Please print each entry below exactly as it reads.

==== DATA SHOWN ====

lemma (in group) right_translation_graph_aut:
  assumes S: "S \<subseteq> carrier G" and h: "h \<in> carrier G"
  shows "right_translation G h \<in> graph_aut (carrier G) (cayley_adj G S)"
proof -
  have "bij_betw (right_translation G h) (carrier G) (carrier G)"
    by (rule bij_betw_byWitness[where f' = "right_translation G (inv h)"])
       (use h in \<open>auto simp: right_translation_def m_assoc\<close>)
  then have "right_translation G h permutes carrier G"
    by (rule bij_imp_permutes) (simp add: right_translation_def)
  moreover have "cayley_adj G S a b \<longleftrightarrow> cayley_adj G S (a \<otimes> h) (b \<otimes> h)"
    if "a \<in> carrier G" "b \<in> carrier G" for a b
  proof -
    have "a \<otimes> h = s \<otimes> (b \<otimes> h) \<longleftrightarrow> a = s \<otimes> b" "b \<otimes> h = s \<otimes> (a \<otimes> h) \<longleftrightarrow> b = s \<otimes> a"
      if "s \<in> S" for s
      using that S h \<open>a \<in> carrier G\<close> \<open>b \<in> carrier G\<close> by (auto simp: m_assoc[symmetric])
    then show ?thesis unfolding cayley_adj_def by blast
  qed
  ultimately show ?thesis
    unfolding graph_aut_def by (simp add: right_translation_def)
qed

lemma (in group) sharply_transitive_right_translations:
  "sharply_transitive_on (carrier G) (right_translation G ` carrier G)"
  unfolding sharply_transitive_on_def
proof (intro ballI)
  fix a b assume a: "a \<in> carrier G" and b: "b \<in> carrier G"
  show "\<exists>!\<rho>. \<rho> \<in> right_translation G ` carrier G \<and> \<rho> a = b"
  proof
    show "right_translation G (inv a \<otimes> b) \<in> right_translation G ` carrier G \<and>
        right_translation G (inv a \<otimes> b) a = b"
      using a b right_translation_eq_iff by auto
  next
    fix \<rho> assume "\<rho> \<in> right_translation G ` carrier G \<and> \<rho> a = b"
    then obtain h where "h \<in> carrier G" "\<rho> = right_translation G h" "right_translation G h a = b"
      by blast
    then show "\<rho> = right_translation G (inv a \<otimes> b)"
      using a b right_translation_eq_iff by simp
  qed
qed

definition pullback_perm :: "('a \<Rightarrow> 'b) \<Rightarrow> 'a set \<Rightarrow> ('b \<Rightarrow> 'b) \<Rightarrow> 'a \<Rightarrow> 'a" where
  "pullback_perm f V \<pi> u = (if u \<in> V then inv_into V f (\<pi> (f u)) else u)"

====

--- EXERCISE RESPONSE ---
lemma (in group) right_translation_graph_aut:
  assumes S: "S \<subseteq> carrier G" and h: "h \<in> carrier G"
  shows "right_translation G h \<in> graph_aut (carrier G) (cayley_adj G S)"
proof -
  have "bij_betw (right_translation G h) (carrier G) (carrier G)"
    by (rule bij_betw_byWitness[where f' = "right_translation G (inv h)"])
       (use h in \<open>auto simp: right_translation_def m_assoc\<close>)
  then have "right_translation G h permutes carrier G"
    by (rule bij_imp_permutes) (simp add: right_translation_def)
  moreover have "cayley_adj G S a b \<longleftrightarrow> cayley_adj G S (a \<otimes> h) (b \<otimes> h)"
    if "a \<in> carrier G" "b \<in> carrier G" for a b
  proof -
    have "a \<otimes> h = s \<otimes> (b \<otimes> h) \<longleftrightarrow> a = s \<otimes> b" "b \<otimes> h = s \<otimes> (a \<otimes> h) \<longleftrightarrow> b = s \<otimes> a"
      if "s \<in> S" for s
      using that S h \<open>a \<in> carrier G\<close> \<open>b \<in> carrier G\<close> by (auto simp: m_assoc[symmetric])
    then show ?thesis unfolding cayley_adj_def by blast
  qed
  ultimately show ?thesis
    unfolding graph_aut_def by (simp add: right_translation_def)
qed

lemma (in group) sharply_transitive_right_translations:
  "sharply_transitive_on (carrier G) (right_translation G ` carrier G)"
  unfolding sharply_transitive_on_def
proof (intro ballI)
  fix a b assume a: "a \<in> carrier G" and b: "b \<in> carrier G"
  show "\<exists>!\<rho>. \<rho> \<in> right_translation G ` carrier G \<and> \<rho> a = b"
  proof
    show "right_translation G (inv a \<otimes> b) \<in> right_translation G ` carrier G \<and>
        right_translation G (inv a \<otimes> b) a = b"
      using a b right_translation_eq_iff by auto
  next
    fix \<rho> assume "\<rho> \<in> right_translation G ` carrier G \<and> \<rho> a = b"
    then obtain h where "h \<in> carrier G" "\<rho> = right_translation G h" "right_translation G h a = b"
      by blast
    then show "\<rho> = right_translation G (inv a \<otimes> b)"
      using a b right_translation_eq_iff by simp
  qed
qed

definition pullback_perm :: "('a \<Rightarrow> 'b) \<Rightarrow> 'a set \<Rightarrow> ('b \<Rightarrow> 'b) \<Rightarrow> 'a \<Rightarrow> 'a" where
  "pullback_perm f V \<pi> u = (if u \<in> V then inv_into V f (\<pi> (f u)) else u)"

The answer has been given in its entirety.